**Problem to solve**.
Extract each line of the records below that contains the word "finally".

[[ Supplied information, beginning ]]

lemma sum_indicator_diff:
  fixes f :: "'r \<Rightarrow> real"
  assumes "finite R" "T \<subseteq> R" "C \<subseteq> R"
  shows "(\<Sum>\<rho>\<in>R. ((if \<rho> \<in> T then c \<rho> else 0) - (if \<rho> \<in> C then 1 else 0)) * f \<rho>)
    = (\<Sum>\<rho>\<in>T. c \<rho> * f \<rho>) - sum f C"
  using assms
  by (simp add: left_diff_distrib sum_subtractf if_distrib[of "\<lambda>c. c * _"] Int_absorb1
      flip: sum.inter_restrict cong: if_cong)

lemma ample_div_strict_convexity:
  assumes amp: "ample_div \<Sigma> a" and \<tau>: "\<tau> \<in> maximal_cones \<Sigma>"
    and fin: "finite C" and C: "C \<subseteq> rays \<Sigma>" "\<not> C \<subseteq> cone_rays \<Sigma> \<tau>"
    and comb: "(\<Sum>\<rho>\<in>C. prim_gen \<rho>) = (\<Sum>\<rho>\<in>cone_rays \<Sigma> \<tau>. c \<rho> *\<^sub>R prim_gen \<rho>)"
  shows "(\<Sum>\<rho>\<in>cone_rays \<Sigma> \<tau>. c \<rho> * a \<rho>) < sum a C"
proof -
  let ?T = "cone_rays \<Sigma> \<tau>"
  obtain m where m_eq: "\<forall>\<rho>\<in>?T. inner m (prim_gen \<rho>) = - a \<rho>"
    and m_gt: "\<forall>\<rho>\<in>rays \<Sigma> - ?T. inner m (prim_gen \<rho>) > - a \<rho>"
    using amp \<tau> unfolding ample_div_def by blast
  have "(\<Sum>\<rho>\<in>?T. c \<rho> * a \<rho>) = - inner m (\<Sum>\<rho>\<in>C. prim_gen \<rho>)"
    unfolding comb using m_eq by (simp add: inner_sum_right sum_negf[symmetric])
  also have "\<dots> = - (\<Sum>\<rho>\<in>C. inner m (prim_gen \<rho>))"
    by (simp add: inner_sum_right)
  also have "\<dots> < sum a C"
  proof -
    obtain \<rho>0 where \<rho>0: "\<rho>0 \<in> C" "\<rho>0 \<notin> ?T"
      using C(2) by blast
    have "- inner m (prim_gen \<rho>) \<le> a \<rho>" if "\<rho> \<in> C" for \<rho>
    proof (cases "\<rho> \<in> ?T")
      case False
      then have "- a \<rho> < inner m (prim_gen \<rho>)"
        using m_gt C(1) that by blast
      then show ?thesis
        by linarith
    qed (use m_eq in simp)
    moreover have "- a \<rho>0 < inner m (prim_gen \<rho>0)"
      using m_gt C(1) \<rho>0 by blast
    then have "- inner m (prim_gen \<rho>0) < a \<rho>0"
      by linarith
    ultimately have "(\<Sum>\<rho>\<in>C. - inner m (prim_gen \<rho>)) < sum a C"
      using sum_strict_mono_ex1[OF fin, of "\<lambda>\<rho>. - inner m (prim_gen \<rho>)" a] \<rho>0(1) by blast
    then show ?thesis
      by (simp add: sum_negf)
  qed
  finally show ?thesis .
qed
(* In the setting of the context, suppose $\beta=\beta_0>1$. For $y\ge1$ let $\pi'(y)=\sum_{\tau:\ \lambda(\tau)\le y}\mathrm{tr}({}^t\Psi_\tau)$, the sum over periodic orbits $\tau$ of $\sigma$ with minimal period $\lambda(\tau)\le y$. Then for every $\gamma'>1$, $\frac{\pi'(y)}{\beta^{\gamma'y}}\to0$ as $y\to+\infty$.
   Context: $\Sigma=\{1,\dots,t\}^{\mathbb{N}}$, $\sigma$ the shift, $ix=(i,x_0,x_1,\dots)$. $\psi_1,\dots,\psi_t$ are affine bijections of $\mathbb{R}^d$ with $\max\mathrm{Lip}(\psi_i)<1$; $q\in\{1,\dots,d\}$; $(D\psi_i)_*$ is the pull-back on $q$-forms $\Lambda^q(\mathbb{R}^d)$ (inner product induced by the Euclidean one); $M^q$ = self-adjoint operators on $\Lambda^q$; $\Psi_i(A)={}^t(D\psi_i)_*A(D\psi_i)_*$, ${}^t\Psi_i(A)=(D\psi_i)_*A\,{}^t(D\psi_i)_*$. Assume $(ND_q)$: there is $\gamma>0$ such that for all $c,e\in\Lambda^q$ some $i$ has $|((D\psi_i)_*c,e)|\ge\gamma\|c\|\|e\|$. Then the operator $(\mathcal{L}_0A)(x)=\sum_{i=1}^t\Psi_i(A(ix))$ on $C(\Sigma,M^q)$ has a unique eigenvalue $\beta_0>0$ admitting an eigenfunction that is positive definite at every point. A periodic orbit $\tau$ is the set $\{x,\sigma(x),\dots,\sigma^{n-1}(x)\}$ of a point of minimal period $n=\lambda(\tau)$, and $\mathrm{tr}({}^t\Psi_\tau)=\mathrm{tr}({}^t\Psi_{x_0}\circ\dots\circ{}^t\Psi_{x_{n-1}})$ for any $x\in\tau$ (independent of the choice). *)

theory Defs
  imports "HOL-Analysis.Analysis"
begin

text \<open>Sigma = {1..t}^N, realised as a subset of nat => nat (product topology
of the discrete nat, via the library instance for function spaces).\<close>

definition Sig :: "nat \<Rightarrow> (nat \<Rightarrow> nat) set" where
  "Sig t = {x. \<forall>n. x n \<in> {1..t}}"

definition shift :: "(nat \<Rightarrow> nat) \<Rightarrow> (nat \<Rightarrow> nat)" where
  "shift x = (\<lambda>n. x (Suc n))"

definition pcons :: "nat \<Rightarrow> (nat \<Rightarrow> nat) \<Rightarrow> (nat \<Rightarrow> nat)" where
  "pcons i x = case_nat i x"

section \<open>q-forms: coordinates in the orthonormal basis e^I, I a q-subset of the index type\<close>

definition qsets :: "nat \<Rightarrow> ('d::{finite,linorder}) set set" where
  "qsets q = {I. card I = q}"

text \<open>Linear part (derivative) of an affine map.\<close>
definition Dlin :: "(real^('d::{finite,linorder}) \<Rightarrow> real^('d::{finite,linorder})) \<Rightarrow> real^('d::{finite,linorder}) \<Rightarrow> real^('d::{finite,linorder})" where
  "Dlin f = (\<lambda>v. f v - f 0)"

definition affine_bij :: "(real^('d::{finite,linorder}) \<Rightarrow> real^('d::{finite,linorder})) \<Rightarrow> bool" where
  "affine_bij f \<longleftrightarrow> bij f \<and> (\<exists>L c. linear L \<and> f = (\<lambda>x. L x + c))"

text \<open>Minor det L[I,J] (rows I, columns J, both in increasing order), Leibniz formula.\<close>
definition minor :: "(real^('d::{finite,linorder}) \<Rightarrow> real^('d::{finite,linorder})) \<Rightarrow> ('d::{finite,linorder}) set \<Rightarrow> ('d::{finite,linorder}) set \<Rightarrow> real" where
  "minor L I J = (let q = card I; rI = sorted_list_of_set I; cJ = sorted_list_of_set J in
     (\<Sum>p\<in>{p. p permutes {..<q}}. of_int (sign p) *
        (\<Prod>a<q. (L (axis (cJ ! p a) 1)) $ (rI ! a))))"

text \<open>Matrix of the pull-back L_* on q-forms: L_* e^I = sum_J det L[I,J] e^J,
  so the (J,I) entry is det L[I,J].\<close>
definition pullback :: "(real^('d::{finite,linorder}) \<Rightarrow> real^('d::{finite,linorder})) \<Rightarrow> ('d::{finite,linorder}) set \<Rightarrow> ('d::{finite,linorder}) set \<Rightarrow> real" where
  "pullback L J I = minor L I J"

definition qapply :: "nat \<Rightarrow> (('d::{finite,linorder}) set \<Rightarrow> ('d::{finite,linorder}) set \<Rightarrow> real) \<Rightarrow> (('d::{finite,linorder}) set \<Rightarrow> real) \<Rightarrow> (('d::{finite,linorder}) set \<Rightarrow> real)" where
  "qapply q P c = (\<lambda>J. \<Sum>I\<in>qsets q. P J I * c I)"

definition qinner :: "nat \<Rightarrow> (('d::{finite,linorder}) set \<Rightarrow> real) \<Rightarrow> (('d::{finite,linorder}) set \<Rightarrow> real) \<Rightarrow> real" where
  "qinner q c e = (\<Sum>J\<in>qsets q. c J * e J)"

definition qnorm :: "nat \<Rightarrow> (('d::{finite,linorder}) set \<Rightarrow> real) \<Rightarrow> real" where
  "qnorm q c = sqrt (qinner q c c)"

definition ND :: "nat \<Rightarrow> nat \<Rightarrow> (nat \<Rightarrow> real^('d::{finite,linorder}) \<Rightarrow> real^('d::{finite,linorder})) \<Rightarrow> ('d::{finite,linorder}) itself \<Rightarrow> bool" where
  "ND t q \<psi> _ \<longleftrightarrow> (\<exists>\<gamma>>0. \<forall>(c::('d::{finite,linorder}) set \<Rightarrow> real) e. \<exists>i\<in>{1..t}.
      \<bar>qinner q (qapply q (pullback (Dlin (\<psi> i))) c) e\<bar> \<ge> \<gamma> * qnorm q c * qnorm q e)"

[[ Supplied information, end ]]
[[ Supplied information, beginning ]]

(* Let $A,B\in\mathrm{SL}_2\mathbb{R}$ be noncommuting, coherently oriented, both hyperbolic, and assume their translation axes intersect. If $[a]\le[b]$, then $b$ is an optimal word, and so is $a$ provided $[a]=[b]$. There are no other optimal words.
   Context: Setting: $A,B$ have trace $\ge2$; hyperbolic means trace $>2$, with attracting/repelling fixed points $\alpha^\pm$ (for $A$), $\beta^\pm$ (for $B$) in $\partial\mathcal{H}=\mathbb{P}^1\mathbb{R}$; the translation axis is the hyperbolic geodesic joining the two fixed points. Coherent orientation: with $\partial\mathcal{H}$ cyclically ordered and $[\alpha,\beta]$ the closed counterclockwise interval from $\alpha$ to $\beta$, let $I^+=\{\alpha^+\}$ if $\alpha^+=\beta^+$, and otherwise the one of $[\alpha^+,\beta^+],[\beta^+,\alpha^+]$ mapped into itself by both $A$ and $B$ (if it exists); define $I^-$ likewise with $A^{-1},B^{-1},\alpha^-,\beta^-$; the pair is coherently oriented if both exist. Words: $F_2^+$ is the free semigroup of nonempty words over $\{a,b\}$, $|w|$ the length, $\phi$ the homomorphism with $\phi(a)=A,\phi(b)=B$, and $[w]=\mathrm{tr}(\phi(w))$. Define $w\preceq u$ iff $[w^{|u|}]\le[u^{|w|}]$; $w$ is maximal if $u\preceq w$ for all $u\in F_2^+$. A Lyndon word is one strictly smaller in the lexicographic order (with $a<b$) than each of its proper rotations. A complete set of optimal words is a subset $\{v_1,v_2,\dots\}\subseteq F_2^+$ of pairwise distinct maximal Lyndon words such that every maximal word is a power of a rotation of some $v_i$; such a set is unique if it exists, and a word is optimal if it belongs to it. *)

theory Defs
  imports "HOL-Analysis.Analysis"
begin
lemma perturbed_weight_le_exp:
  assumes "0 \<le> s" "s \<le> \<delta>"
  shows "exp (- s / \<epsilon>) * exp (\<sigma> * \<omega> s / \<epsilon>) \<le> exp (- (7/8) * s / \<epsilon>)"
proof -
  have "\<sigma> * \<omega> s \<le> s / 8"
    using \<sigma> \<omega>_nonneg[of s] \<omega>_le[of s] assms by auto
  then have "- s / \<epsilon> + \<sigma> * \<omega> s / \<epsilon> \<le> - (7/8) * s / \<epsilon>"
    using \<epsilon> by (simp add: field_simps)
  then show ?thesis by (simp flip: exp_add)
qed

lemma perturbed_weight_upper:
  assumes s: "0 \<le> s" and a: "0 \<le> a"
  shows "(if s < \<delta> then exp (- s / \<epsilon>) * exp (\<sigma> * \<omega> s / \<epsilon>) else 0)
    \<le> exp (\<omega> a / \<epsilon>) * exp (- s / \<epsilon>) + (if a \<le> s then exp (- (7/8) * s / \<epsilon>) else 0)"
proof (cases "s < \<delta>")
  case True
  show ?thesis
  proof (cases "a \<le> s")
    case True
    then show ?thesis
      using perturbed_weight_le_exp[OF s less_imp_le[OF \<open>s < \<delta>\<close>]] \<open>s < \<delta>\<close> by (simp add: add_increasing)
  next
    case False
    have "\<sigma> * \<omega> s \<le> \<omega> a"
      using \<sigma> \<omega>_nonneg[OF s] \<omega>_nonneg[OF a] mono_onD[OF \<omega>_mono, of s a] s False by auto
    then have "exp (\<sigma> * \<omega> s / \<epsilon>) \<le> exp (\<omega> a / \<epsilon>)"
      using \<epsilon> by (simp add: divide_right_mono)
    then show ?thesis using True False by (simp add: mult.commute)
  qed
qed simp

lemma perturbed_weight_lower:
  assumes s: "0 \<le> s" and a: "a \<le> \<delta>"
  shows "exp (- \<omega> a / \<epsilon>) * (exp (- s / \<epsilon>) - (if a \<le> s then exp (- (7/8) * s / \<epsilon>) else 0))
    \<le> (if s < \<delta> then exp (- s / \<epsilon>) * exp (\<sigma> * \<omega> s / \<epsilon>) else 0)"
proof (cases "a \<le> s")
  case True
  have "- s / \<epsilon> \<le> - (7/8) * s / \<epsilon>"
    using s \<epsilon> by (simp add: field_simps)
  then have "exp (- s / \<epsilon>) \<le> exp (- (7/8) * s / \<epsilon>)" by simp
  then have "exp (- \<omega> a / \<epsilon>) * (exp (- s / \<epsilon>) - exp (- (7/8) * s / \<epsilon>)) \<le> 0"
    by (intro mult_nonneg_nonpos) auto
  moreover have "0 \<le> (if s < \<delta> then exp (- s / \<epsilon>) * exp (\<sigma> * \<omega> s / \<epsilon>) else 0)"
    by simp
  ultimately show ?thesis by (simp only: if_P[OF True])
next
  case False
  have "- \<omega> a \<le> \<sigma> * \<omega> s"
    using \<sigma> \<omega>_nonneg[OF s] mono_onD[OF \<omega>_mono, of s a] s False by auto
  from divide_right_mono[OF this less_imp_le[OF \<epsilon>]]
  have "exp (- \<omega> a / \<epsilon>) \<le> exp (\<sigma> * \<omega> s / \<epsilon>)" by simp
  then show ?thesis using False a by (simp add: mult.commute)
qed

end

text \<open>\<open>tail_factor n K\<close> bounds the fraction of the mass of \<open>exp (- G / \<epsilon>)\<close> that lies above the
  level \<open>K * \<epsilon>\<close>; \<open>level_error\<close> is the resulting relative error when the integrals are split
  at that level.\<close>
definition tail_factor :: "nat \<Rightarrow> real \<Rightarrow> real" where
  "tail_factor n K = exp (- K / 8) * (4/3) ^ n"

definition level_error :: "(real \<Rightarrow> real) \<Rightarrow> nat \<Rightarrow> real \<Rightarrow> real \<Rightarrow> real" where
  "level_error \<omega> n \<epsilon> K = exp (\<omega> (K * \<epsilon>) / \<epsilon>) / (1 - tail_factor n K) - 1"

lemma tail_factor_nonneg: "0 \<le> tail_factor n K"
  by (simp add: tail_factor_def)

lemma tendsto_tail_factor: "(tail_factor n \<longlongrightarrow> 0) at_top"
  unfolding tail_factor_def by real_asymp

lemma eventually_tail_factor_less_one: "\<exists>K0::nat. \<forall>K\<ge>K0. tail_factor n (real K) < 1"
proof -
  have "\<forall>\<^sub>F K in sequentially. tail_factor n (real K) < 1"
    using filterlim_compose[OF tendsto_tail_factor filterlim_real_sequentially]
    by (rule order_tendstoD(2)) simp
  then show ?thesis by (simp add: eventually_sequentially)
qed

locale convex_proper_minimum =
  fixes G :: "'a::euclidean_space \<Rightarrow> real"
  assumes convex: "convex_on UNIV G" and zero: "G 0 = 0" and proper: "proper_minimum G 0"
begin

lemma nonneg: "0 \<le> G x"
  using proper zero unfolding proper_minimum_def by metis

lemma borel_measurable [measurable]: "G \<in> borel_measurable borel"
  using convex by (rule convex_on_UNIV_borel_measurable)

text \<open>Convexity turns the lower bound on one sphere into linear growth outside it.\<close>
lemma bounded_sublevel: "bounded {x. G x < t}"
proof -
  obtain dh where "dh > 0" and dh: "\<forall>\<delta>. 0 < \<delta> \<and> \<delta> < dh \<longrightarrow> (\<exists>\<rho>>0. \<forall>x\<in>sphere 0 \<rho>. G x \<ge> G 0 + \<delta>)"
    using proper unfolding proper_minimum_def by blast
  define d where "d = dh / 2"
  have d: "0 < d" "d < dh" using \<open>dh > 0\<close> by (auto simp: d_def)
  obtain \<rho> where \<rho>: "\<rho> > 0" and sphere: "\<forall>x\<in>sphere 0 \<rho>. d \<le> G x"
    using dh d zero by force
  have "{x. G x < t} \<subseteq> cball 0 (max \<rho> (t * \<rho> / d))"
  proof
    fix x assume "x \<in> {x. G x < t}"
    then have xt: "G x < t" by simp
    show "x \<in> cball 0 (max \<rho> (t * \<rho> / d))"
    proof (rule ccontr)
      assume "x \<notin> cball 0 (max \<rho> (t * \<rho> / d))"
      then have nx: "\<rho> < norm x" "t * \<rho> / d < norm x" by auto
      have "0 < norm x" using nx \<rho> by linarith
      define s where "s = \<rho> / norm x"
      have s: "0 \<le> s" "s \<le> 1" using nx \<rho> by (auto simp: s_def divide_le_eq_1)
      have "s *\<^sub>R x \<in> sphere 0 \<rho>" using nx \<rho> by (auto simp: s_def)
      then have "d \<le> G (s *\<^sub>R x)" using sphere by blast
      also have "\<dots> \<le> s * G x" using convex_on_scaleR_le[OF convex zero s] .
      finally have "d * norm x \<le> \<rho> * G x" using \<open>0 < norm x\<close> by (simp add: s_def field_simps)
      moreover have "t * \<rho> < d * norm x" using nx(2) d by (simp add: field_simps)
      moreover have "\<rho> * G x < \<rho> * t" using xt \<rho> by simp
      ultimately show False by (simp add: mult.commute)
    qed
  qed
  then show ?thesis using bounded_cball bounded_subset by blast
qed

[[ Supplied information, end ]]
[[ Supplied information, beginning ]]

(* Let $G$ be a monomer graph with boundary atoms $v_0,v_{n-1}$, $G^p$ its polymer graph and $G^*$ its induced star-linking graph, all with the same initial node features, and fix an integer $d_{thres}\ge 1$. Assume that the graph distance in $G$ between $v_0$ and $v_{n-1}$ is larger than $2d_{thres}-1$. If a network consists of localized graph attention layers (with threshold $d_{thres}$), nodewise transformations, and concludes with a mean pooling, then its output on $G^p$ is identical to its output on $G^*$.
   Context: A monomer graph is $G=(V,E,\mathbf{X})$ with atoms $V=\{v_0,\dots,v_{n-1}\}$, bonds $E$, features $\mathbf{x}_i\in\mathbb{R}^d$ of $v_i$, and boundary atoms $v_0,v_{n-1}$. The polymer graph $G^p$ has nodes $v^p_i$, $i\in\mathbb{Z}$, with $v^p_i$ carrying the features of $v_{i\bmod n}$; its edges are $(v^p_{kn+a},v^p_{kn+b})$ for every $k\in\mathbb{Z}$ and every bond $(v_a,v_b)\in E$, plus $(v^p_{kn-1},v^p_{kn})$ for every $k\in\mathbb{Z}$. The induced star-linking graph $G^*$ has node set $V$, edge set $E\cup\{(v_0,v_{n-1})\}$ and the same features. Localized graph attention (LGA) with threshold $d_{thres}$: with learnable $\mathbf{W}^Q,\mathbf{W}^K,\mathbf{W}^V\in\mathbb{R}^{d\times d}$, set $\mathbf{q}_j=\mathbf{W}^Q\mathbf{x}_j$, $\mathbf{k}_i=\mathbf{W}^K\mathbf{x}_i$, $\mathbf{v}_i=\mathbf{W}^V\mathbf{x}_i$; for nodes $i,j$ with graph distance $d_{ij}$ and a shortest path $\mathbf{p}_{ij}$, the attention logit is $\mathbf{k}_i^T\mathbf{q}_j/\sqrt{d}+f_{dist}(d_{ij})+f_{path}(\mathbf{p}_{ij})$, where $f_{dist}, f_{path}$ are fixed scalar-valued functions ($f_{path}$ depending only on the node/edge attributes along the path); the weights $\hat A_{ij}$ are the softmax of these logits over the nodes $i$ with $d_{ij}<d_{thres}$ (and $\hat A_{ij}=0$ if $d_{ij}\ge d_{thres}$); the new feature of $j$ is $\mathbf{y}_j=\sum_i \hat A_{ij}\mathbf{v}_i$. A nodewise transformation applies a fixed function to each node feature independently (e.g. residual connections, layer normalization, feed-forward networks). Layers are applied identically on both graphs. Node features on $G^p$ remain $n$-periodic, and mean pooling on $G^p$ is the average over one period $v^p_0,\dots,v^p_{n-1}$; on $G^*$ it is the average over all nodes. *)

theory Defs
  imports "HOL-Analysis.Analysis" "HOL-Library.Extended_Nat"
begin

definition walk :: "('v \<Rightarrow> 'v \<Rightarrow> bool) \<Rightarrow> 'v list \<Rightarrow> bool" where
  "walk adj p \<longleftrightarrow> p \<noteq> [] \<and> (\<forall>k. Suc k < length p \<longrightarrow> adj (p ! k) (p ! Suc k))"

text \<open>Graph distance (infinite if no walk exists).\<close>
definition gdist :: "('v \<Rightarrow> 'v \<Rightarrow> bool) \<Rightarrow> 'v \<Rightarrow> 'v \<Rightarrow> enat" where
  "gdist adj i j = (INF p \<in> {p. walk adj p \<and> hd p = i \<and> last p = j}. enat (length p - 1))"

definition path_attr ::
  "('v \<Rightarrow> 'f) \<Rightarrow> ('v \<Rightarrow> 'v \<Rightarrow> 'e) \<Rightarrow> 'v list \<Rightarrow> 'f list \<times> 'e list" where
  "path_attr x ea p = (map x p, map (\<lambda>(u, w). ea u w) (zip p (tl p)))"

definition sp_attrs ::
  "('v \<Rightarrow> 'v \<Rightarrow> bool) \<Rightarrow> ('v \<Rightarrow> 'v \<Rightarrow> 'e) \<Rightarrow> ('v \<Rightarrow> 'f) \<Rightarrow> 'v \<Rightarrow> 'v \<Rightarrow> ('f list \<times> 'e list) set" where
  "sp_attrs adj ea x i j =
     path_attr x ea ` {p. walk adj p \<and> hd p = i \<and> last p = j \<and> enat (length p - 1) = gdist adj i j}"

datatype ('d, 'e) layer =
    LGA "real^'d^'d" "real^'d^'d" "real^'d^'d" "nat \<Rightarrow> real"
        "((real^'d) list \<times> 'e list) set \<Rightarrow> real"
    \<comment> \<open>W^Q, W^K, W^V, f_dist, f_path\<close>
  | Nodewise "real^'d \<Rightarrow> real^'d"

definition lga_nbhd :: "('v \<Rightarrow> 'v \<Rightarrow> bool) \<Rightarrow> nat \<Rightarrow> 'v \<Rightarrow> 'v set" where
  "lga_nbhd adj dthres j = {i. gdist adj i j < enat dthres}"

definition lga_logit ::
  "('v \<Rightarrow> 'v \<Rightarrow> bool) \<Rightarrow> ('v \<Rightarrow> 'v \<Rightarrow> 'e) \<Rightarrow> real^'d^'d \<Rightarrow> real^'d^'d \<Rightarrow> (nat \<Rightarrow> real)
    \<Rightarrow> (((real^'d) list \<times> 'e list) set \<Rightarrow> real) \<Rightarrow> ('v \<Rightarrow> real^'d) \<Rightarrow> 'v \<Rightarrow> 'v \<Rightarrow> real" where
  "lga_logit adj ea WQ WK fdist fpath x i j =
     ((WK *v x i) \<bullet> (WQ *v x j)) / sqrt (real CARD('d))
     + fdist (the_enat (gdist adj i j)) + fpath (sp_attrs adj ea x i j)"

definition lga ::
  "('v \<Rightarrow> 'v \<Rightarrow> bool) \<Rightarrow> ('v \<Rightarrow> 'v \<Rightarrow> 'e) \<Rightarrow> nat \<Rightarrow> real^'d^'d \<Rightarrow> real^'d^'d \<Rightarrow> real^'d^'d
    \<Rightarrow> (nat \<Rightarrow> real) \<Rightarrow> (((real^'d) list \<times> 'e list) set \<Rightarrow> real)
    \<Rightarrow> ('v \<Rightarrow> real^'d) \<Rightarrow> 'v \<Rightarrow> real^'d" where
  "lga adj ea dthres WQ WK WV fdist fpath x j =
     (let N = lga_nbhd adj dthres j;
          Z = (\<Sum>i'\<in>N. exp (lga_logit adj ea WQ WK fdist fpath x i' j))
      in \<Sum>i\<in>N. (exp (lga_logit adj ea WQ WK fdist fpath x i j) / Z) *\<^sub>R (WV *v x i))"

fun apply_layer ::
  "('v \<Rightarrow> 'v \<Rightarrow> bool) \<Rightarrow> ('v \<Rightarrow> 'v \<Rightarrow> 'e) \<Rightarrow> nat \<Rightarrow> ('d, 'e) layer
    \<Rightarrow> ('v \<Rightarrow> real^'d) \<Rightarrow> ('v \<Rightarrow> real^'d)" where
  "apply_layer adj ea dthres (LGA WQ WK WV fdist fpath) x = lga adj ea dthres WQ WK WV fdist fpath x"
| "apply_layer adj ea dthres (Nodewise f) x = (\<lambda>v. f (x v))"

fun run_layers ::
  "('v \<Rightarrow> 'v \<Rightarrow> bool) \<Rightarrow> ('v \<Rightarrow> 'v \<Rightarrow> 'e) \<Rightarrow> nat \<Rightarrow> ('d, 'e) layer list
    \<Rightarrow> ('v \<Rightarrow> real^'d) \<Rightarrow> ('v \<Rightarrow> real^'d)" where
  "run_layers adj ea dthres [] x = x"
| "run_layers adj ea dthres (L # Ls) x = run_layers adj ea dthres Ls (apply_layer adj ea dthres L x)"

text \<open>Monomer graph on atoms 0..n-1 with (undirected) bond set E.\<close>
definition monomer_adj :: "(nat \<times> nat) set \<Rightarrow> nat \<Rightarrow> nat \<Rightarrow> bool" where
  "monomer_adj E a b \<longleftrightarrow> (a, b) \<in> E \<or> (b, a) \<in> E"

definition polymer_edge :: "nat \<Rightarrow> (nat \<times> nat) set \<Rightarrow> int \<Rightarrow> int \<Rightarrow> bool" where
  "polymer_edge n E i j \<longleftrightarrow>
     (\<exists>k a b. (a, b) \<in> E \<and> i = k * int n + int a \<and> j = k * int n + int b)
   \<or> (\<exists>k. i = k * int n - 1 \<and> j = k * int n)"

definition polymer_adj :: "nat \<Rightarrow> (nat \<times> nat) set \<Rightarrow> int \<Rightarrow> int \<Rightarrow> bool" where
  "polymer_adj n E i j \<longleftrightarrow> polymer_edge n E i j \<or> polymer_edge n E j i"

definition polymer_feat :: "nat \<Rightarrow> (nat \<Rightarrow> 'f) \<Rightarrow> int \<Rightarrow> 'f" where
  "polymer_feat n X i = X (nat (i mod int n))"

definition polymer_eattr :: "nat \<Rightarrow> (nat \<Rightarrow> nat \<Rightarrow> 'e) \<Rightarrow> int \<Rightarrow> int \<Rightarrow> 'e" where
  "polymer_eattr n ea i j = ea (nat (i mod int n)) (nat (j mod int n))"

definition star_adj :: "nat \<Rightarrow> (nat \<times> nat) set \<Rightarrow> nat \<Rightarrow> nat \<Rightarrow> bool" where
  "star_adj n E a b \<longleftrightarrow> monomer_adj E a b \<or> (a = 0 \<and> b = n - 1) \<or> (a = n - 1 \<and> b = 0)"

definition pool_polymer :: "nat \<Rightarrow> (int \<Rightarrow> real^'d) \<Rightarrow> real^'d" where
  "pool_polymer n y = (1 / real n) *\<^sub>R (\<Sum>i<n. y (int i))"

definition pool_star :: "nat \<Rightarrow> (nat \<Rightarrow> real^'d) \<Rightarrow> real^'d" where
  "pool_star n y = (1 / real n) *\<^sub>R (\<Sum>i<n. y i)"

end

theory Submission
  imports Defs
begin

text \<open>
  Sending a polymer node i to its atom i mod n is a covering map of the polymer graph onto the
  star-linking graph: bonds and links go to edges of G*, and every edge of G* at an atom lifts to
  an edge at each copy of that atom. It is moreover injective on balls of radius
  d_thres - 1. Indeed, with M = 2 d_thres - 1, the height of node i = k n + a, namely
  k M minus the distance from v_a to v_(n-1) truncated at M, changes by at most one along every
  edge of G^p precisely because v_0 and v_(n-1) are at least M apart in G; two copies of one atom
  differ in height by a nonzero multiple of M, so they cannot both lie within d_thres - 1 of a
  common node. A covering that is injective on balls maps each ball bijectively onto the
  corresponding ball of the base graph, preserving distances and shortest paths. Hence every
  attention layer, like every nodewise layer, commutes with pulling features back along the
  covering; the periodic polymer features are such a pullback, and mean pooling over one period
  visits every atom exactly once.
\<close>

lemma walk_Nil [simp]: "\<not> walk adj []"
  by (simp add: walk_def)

[[ Supplied information, end ]]

**Response to the exercise**.
  finally show ?thesis .
      finally have "d * norm x \<le> \<rho> * G x" using \<open>0 < norm x\<close> by (simp add: s_def field_simps)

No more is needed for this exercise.